In Connecticut, cocaine is commonly abused. Alongside cocaine, heroin is the biggest drug threat in Connecticut, . Heroin abuse continues to be widespread in Connecticut, , affecting suburban and urban areas. In Connecticut, , heroin demand is high and can be accessed easily. Heroin's popularity is partially because of the rising availability of low cost, high purity heroin, which can be effectively snorted or smoked instead of injected. On the street, heroin is sold in small glassine bags with some form of marking or brand name stated on the package.

Most of the Connecticut's commercial grade marijuana comes from Mexico or southwestern America. MDMA (ecstasy) is commonly available and abused in Connecticut, ; it is a popular drug choice among college age individuals. Current investigations show that the diversion of Vicodin and oxycodone products (OxyContin) remains an issue in Connecticut, .

Per 2004-2005 statistics from the National Survey on Drug Use and Health (NSDUH), 262,000 Connecticut, citizens ages 12 or older admitted to prior month use of an illegal drug. More 2004-2005 NSDUH results reflect that 98,000 Connecticut, citizens reported illegal drug abuse or dependence within the prior year. A 2005 survey reflects that 40 percent of Connecticut, high school students reported using marijuana at least once; half of Connecticut, high school seniors reported lifetime marijuana use. Per 2004-2005 NSDUH data, 34,000 Connecticut, 12-17 year olds stated prior month use of an illegal drug. As of October 31, 2006, in Connecticut, , there were 9,703 full-time law enforcement employees; specifically, 7,875 officers and 1,828 civilians.

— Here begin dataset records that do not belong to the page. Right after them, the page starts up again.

lemma frob_diff_mult_dvd:
  assumes "of_nat p ^ m dvd frob_diff phi g m" and "of_nat p ^ m dvd frob_diff phi h m"
  shows "of_nat p ^ m dvd frob_diff phi (\<lambda>m. g m * h m) m"
proof (cases m)
  case (Suc k)
  have "g m * h m - phi (g k * h k)
      = g m * frob_diff phi h m + phi (h k) * frob_diff phi g m"
    using Suc by (simp add: frob_diff_def algebra_simps)
  then show ?thesis
    using assms Suc by (simp add: frob_diff_def)
qed (use assms in simp)

lemma frob_diff_funpow_dvd: "of_nat p ^ m dvd frob_diff phi (\<lambda>m. (phi ^^ m) a) m"
  by (cases m) (simp_all add: frob_diff_def)

lemma ghost_surj:
  assumes dwork: "\<And>m. m < n \<Longrightarrow> of_nat p ^ m dvd frob_diff phi g m"
  shows "\<exists>z\<in>Wn n. \<forall>m<n. ghost p z m = g m"
proof -
  have "\<exists>z\<in>Wn k. \<forall>m<k. ghost p z m = g m" if "k \<le> n" for k
    using that
  proof (induction k)
    case 0
    show ?case by (rule bexI[of _ "\<lambda>_. 0"]) (auto simp: Wn_def)
  next
    case (Suc k)
    then obtain z where z: "z \<in> Wn k" "\<forall>m<k. ghost p z m = g m" by auto
    let ?z0 = "z(k := 0)"
    have below: "ghost p ?z0 m = g m" if "m < k" for m
      using z(2) that by (simp add: ghost_fun_upd_above)
    have "g k - ghost p ?z0 k = frob_diff phi g k - frob_diff phi (ghost p ?z0) k"
      using below by (cases k) (simp_all add: frob_diff_def)
    then have "of_nat p ^ k dvd g k - ghost p ?z0 k"
      using dwork[of k] frob_diff_ghost_dvd[of k ?z0] Suc.prems by simp
    then obtain c where c: "g k = ghost p ?z0 k + of_nat p ^ k * c"
      by (metis dvdE diff_eq_eq add.commute)
    have "z(k := c) \<in> Wn (Suc k)"
      using z(1) by (auto simp: Wn_def)
    moreover have "ghost p (z(k := c)) m = g m" if "m < Suc k" for m
    proof (cases "m < k")
      case True
      then show ?thesis
        using z(2) by (simp add: ghost_fun_upd_above)
    next
      case False
      with that have "m = k" by simp
      then show ?thesis
        using c ghost_fun_upd_same[of p z k c] by simp
    qed
    ultimately show ?case by blast
  qed
  then show ?thesis by simp
qed
(* Let $A_i\in\mathbb R^{d\times d}$, $i\in\mathbb N$, be matrices such that $\|A_i\|\le A^*<\infty$ for all $i$, $\sup_{i\in\mathbb N}\rho(A_i)=\rho_0<1$, and for some $p\ge1$ $$\|A\|_{p\text{-var}}=\Big(\sup_{1\le i_1<i_2<\cdots}\sum_{k=1}^\infty\|A_{i_{k+1}}-A_{i_k}\|^p\Big)^{1/p}\le A^*.$$ Then for every $\rho>\rho_0$ there exists $K=K(\rho,\rho_0,A^* )$ such that $\big\|\prod_{i=s+1}^tA_i\big\|\le K\rho^{t-s}$ for all integers $0\le s<t$.
   Context: $\|\cdot\|$ denotes the Euclidean operator norm and $\rho(A)$ the spectral radius (maximal modulus of the complex eigenvalues) of a matrix $A$. *)

theory Defs
  imports "HOL-Analysis.Analysis"
begin

definition mnorm :: "real^'n^'n \<Rightarrow> real" where
  "mnorm A = onorm (\<lambda>x. A *v x)"

definition cmat :: "real^'n^'n \<Rightarrow> complex^'n^'n" where
  "cmat A = (\<chi> i j. complex_of_real (A $ i $ j))"

definition ceigenvalues :: "real^'n^'n \<Rightarrow> complex set" where
  "ceigenvalues A = {z. \<exists>v. v \<noteq> 0 \<and> cmat A *v v = z *s v}"

definition spec_rad :: "real^'n^'n \<Rightarrow> real" where
  "spec_rad A = Max (cmod ` ceigenvalues A)"

text \<open>Ordered product A_t ... A_{s+1} (here with t = s + k).\<close>
fun mprod :: "(nat \<Rightarrow> real^'n^'n) \<Rightarrow> nat \<Rightarrow> nat \<Rightarrow> real^'n^'n" where
  "mprod A s 0 = mat 1"
| "mprod A s (Suc k) = A (s + Suc k) ** mprod A s k"

definition pvar :: "real \<Rightarrow> (nat \<Rightarrow> real^'n^'n) \<Rightarrow> ereal" where
  "pvar p A = (let S = (SUP \<iota>\<in>{\<iota>. strict_mono \<iota> \<and> \<iota> 0 \<ge> 1}.
       (\<Sum>k. ennreal (mnorm (A (\<iota> (Suc k)) - A (\<iota> k)) powr p)))
     in if S = \<infinity> then \<infinity> else ereal (enn2real S powr (1/p)))"

end

(*
  A single matrix B with norm at most a and spectral radius at most r0 < r satisfies
  norm (B^m) <= C r^m with C depending only on a, r0, r and the dimension. Indeed, if
  e_1, ..., e_n are its eigenvalues, the partial products M_k = (B - e_1) ... (B - e_k)
  vanish for k = n (Schur triangularisation) and satisfy
  M_k B^(m+1) = M_(k+1) B^m + e_(k+1) M_k B^m, so a downward induction on k gives
  geometric bounds for M_k B^m; the case k = 0 is B^m itself.

  If A_(s+1), ..., A_u all lie within eps of B = A_(s+1), a discrete Gronwall argument
  gives norm (A_u ... A_(s+1)) <= C (r + C eps)^(u-s) <= C rho^(u-s) for small eps.
  A p-variation at most A* leaves room for fewer than (A*/eps)^p + 1 jumps of size eps,
  so (s, t] splits into at most k + 1 such blocks, and the product is bounded by
  C^(k+1) rho^(t-s).
*)

theory Submission
  imports Defs "Jordan_Normal_Form.Spectral_Radius" "Jordan_Normal_Form.Jordan_Normal_Form_Uniqueness"
begin

no_notation Matrix.vec_index (infixl "$" 100)
hide_const (open) Matrix.mat

lemma mnorm_nonneg: "0 \<le> mnorm A"
  unfolding mnorm_def by (rule onorm_pos_le[OF matrix_vector_mul_bounded_linear])

lemma mnorm_mult_le: "mnorm (A ** B) \<le> mnorm A * mnorm (B :: real^'n^'n)"
proof -
  have "(*v) (A ** B) = (*v) A \<circ> (*v) B"
    by (auto simp: matrix_vector_mul_assoc)
  then show ?thesis
    unfolding mnorm_def
    using onorm_compose[OF matrix_vector_mul_bounded_linear matrix_vector_mul_bounded_linear]
    by simp
qed

lemma mnorm_triangle: "mnorm (A + B) \<le> mnorm A + mnorm (B :: real^'n^'n)"
proof -
  have "(*v) (A + B) = (\<lambda>x. A *v x + B *v x)"
    by (auto simp: matrix_vector_mult_add_rdistrib)
  then show ?thesis
    unfolding mnorm_def
    using onorm_triangle[OF matrix_vector_mul_bounded_linear matrix_vector_mul_bounded_linear]
    by simp
qed

lemma mnorm_zero [simp]: "mnorm (0 :: real^'n^'n) = 0"
proof -
  have "(*v) (0 :: real^'n^'n) = (\<lambda>x. 0)"
    by (auto simp: matrix_vector_mult_def Finite_Cartesian_Product.vec_eq_iff)
  then show ?thesis
    unfolding mnorm_def by (simp add: onorm_zero)
qed

lemma matrix_diff_ldistrib:
  fixes A :: "'a::ring_1^'n^'m" and B C :: "'a^'p^'n"
  shows "A ** (B - C) = A ** B - A ** C"
  by (metis add_diff_cancel diff_add_cancel matrix_add_ldistrib)

lemma matrix_diff_rdistrib:
  fixes A B :: "'a::ring_1^'n^'m" and C :: "'a^'p^'n"
  shows "(A - B) ** C = A ** C - B ** C"
  by (simp add: matrix_matrix_mult_def Finite_Cartesian_Product.vec_eq_iff
      left_diff_distrib sum_subtractf)
lemma supnorm_eq_if_same_norm:
  assumes a: "null_seq a" and f: "f \<in> CK" and same: "same_norm a f"
  shows "supnorm f = (SUP n. absK (a n))"
proof (cases "\<forall>n. a n = 0")
  case True
  hence "\<forall>k. val_ge (f t) k" if "t \<in> OK" for t
    using same that unfolding same_norm_def by simp
  hence "f t = 0" if "t \<in> OK" for t
    using that val_ge_all_imp_0 by blast
  hence "supnorm f = 0"
    using supnorm_le[of f 0] absK_le_supnorm[OF f, of 0] by (force simp: OK_def)
  thus ?thesis using True by simp
next
  case False
  then obtain k n1 where k: "\<And>n. val_ge (a n) k" "\<not> val_ge (a n1) (k + 1)"
    using null_seq_exact_level[OF a] by blast
  then obtain t1 where t1: "t1 \<in> OK" "\<not> val_ge (f t1) (k + 1)" "\<forall>t\<in>OK. val_ge (f t) k"
    using same unfolding same_norm_def by blast
  have "(SUP n. absK (a n)) = real CARD('a) powi (- k)"
  proof (rule antisym)
    show "(SUP n. absK (a n)) \<le> real CARD('a) powi (- k)"
      using SUP_absK_le_iff_val_ge[OF a] k(1) by blast
    have "absK (a n1) = real CARD('a) powi (- k)" using k by (intro absK_eq_if_val_exact)
    thus "real CARD('a) powi (- k) \<le> (SUP n. absK (a n))"
      using cSUP_upper[OF UNIV_I null_seq_bdd_absK[OF a], of n1] by simp
  qed
  moreover have "supnorm f = real CARD('a) powi (- k)"
  proof (rule antisym)
    show "supnorm f \<le> real CARD('a) powi (- k)" using supnorm_le_iff_val_ge[OF f] t1(3) by blast
    have "absK (f t1) = real CARD('a) powi (- k)" using t1 by (intro absK_eq_if_val_exact) auto
    thus "real CARD('a) powi (- k) \<le> supnorm f" using absK_le_supnorm[OF f t1(1)] by simp
  qed
  ultimately show ?thesis by simp
qed
(* Let $\{x^k\}$ be generated by Algorithm IRG with the backtracking stepsize rule and $\theta<\mu$, and assume $\rho_k\to0$. Assume $\{x^k\}$ has an accumulation point $\bar x$, $f$ satisfies the KL property at $\bar x$ with $\psi(t)=Mt^q$ for some $M>0$ and $q\in(0,1)$, and $\nabla f$ is Lipschitz continuous on a neighborhood of $\bar x$. Assume $\mathbb N\setminus\mathcal N$ is infinite, enumerate it increasingly as $j_1<j_2<\cdots$, and set $z^k:=x^{j_k}$. Then: (i) if $q\in(0,1/2]$, $\{z^k\}$ converges linearly to $\bar x$, i.e. there exist $C>0$ and $\lambda\in(0,1)$ with $\|z^k-\bar x\|\le C\lambda^k$ for all large $k$; (ii) if $q\in(1/2,1)$, there exists $\varrho>0$ with $\|z^k-\bar x\|\le\varrho k^{-\frac{1-q}{2q-1}}$ for all sufficiently large $k$.
   Context: Algorithm IRG (general inexact reduced gradient framework). Let $f:\mathbb R^n\to\mathbb R$ be continuously differentiable. Parameters: initial point $x^1\in\mathbb R^n$, initial radii $\varepsilon_1>0$, $r_1>0$, reduction factors $\mu,\theta\in(0,1)$, and a sequence $\{\rho_k\}$ of positive numbers. For $k=1,2,\dots$: (1) choose $g^k\in\mathbb R^n$ with $\|g^k-\nabla f(x^k)\|\le\min\{\varepsilon_k,\rho_k\}$; (2) if $\|g^k\|\le r_k+\varepsilon_k$, set $r_{k+1}=\mu r_k$, $\varepsilon_{k+1}=\theta\varepsilon_k$, $d^k=0$; otherwise set $r_{k+1}=r_k$, $\varepsilon_{k+1}=\varepsilon_k$ and $d^k=-\frac{\|g^k\|-\varepsilon_k}{\|g^k\|}g^k$; (3) choose a stepsize $t_k>0$ by some rule; (4) set $x^{k+1}=x^k+t_kd^k$. The set of null iterations is $\mathcal N:=\{k\in\mathbb N: x^{k+1}=x^k\}$. Backtracking stepsize rule: fix $\beta,\gamma,\tau\in(0,1)$; if $d^k=0$ set $t_k=\tau$; otherwise $t_k=\max\{t\in\{1,\gamma,\gamma^2,\dots\}: f(x^k+td^k)\le f(x^k)-\beta t\|d^k\|^2\}$. KL property with $\psi(t)=Mt^q$: there exist $\eta>0$ and a neighborhood $U$ of $\bar x$ such that $\|\nabla f(x)\|\ge M(f(x)-f(\bar x))^q$ for all $x\in U$ with $f(\bar x)<f(x)<f(\bar x)+\eta$. *)

theory Defs
  imports "HOL-Analysis.Analysis"
begin

definition C1_grad :: "('a::euclidean_space \<Rightarrow> real) \<Rightarrow> ('a \<Rightarrow> 'a) \<Rightarrow> bool" where
  "C1_grad f grad \<longleftrightarrow>
     (\<forall>x. (f has_derivative (\<lambda>h. grad x \<bullet> h)) (at x)) \<and> continuous_on UNIV grad"

definition armijo :: "('a::euclidean_space \<Rightarrow> real) \<Rightarrow> real \<Rightarrow> 'a \<Rightarrow> 'a \<Rightarrow> real \<Rightarrow> bool" where
  "armijo f beta xk dk t \<longleftrightarrow> f (xk + t *\<^sub>R dk) \<le> f xk - beta * t * (norm dk)^2"
definition nonarch_normed_space ::
  "('k::field \<Rightarrow> real) \<Rightarrow> ('k \<Rightarrow> 'v::ab_group_add \<Rightarrow> 'v) \<Rightarrow> ('v \<Rightarrow> real) \<Rightarrow> bool" where
  "nonarch_normed_space av sc nm \<longleftrightarrow> vector_space sc \<and>
     (\<forall>x. nm x \<ge> 0) \<and> (\<forall>x. nm x = 0 \<longleftrightarrow> x = 0) \<and>
     (\<forall>r x. nm (sc r x) = av r * nm x) \<and>
     (\<forall>x y. nm (x + y) \<le> max (nm x) (nm y))"

definition complete_wrt :: "('v::ab_group_add \<Rightarrow> real) \<Rightarrow> bool" where
  "complete_wrt nm \<longleftrightarrow>
     (\<forall>s::nat \<Rightarrow> 'v. (\<forall>e>0. \<exists>N. \<forall>m\<ge>N. \<forall>n\<ge>N. nm (s m - s n) < e) \<longrightarrow>
        (\<exists>L. (\<lambda>n. nm (s n - L)) \<longlonglongrightarrow> 0))"

definition quartic_diff ::
  "('k::field \<Rightarrow> 'g::ab_group_add \<Rightarrow> 'g) \<Rightarrow> ('k \<Rightarrow> 'x::ab_group_add \<Rightarrow> 'x) \<Rightarrow> nat
    \<Rightarrow> ('g \<Rightarrow> 'x) \<Rightarrow> 'g \<Rightarrow> 'g \<Rightarrow> 'x" where
  "quartic_diff scG scX k f x y =
     f (scG (of_nat k) x + y) + f (scG (of_nat k) x - y)
     - scX (of_nat (k^2)) (f (x + y) + f (x - y))
     - scX (of_int (2 * int k^2 * (int k^2 - 1))) (f x)
     + scX (of_int (2 * (int k^2 - 1))) (f y)"

end

theory Submission
  imports Defs
begin

(* Hyers' direct method, made sharp by the strong triangle inequality.  Putting y = 0 gives
   f(kx)/k^4 - f(x) = \<Delta>f(x,0)/(2k^4), so the rescalings A_n f(x) = f(k^n x)/k^(4n) have
   consecutive differences of norm at most r^n \<delta> \<beta>(\<parallel>x\<parallel>)/|2k^4| with r = \<beta>(|k|)/|k|^4 < 1.
   In an ultrametric space these steps do not accumulate: the A_n f form a Cauchy sequence whose
   limit Q lies within the first step's bound of f.  The defect of A_n f decays like r^n, so Q is
   quartic; a quartic map is fixed by the rescaling, which shrinks the distance between two
   quartic approximants of f by r^n, whence uniqueness. *)

context
  fixes av :: "'k::field \<Rightarrow> real"
  assumes av: "nonarch_absval av"
begin

lemma absval_nonneg: "av r \<ge> 0"
  and absval_eq_0_iff: "av r = 0 \<longleftrightarrow> r = 0"
  and absval_mult: "av (r * s) = av r * av s"
  and absval_add_le_max: "av (r + s) \<le> max (av r) (av s)"
  using av unfolding nonarch_absval_def by blast+

lemma absval_one: "av 1 = 1"
  using absval_mult[of 1 1] absval_eq_0_iff[of 1] by simp
lemma invertible_mat_if_det_nonzero:
  fixes D :: "'a::field mat"
  assumes D: "D \<in> carrier_mat n n" and det: "det D \<noteq> 0"
  shows "invertible_mat D"
proof -
  from det_non_zero_imp_unit[OF D det, of "()"]
  obtain B where "B \<in> carrier_mat n n" "B * D = 1\<^sub>m n" "D * B = 1\<^sub>m n"
    unfolding Units_def ring_mat_simps by auto
  then show ?thesis unfolding invertible_mat_def inverts_mat_def using D by auto
qed

lemma rank_sum_of_rank_one_le:
  fixes f g :: "nat \<Rightarrow> nat \<Rightarrow> 'a::field"
  shows "vec_space.rank n (mat n n' (\<lambda>(i, j). \<Sum>t<m. f i t * g t j)) \<le> m"
proof (induction m)
  case 0
  have zero: "mat n n' (\<lambda>(i, j). \<Sum>t<0. f i t * g t j) = (0\<^sub>m n n' :: 'a mat)"
    by (rule eq_matI) auto
  show ?case unfolding zero vec_space.rank_0I by simp
next
  case (Suc m)
  have split: "mat n n' (\<lambda>(i, j). \<Sum>t<Suc m. f i t * g t j)
      = mat n n' (\<lambda>(i, j). \<Sum>t<m. f i t * g t j) + mat n n' (\<lambda>(i, j). f i m * g m j)"
    by (rule eq_matI) auto
  have "vec_space.rank n (mat n n' (\<lambda>(i, j). f i m * g m j)) \<le> 1"
    by (rule vec_space.rank_le_1_product_entries[of _ n n' "\<lambda>i. f i m" "\<lambda>j. g m j"]) auto
  moreover have "vec_space.rank n (mat n n' (\<lambda>(i, j). \<Sum>t<Suc m. f i t * g t j))
      \<le> vec_space.rank n (mat n n' (\<lambda>(i, j). \<Sum>t<m. f i t * g t j))
        + vec_space.rank n (mat n n' (\<lambda>(i, j). f i m * g m j))"
    unfolding split by (rule vec_space.rank_subadditive) auto
  ultimately show ?case using Suc by linarith
qed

Connecticut, is located near New York City, and is also a key transit and destination drug area. In 2006, the DEA and state and local authorities reported 3 meth lab incidents in Connecticut, . Further, as part of the DEA's Domestic Cannabis Eradication/Suppression Program, there were 1,543 cultivated marijuana plants that were seized and eradicated. In Connecticut, , there were 4 drug courts that had been operating for more at least two years as of April 16, 2007. At that time, there were no more drug courts in existence or being implemented in Connecticut, .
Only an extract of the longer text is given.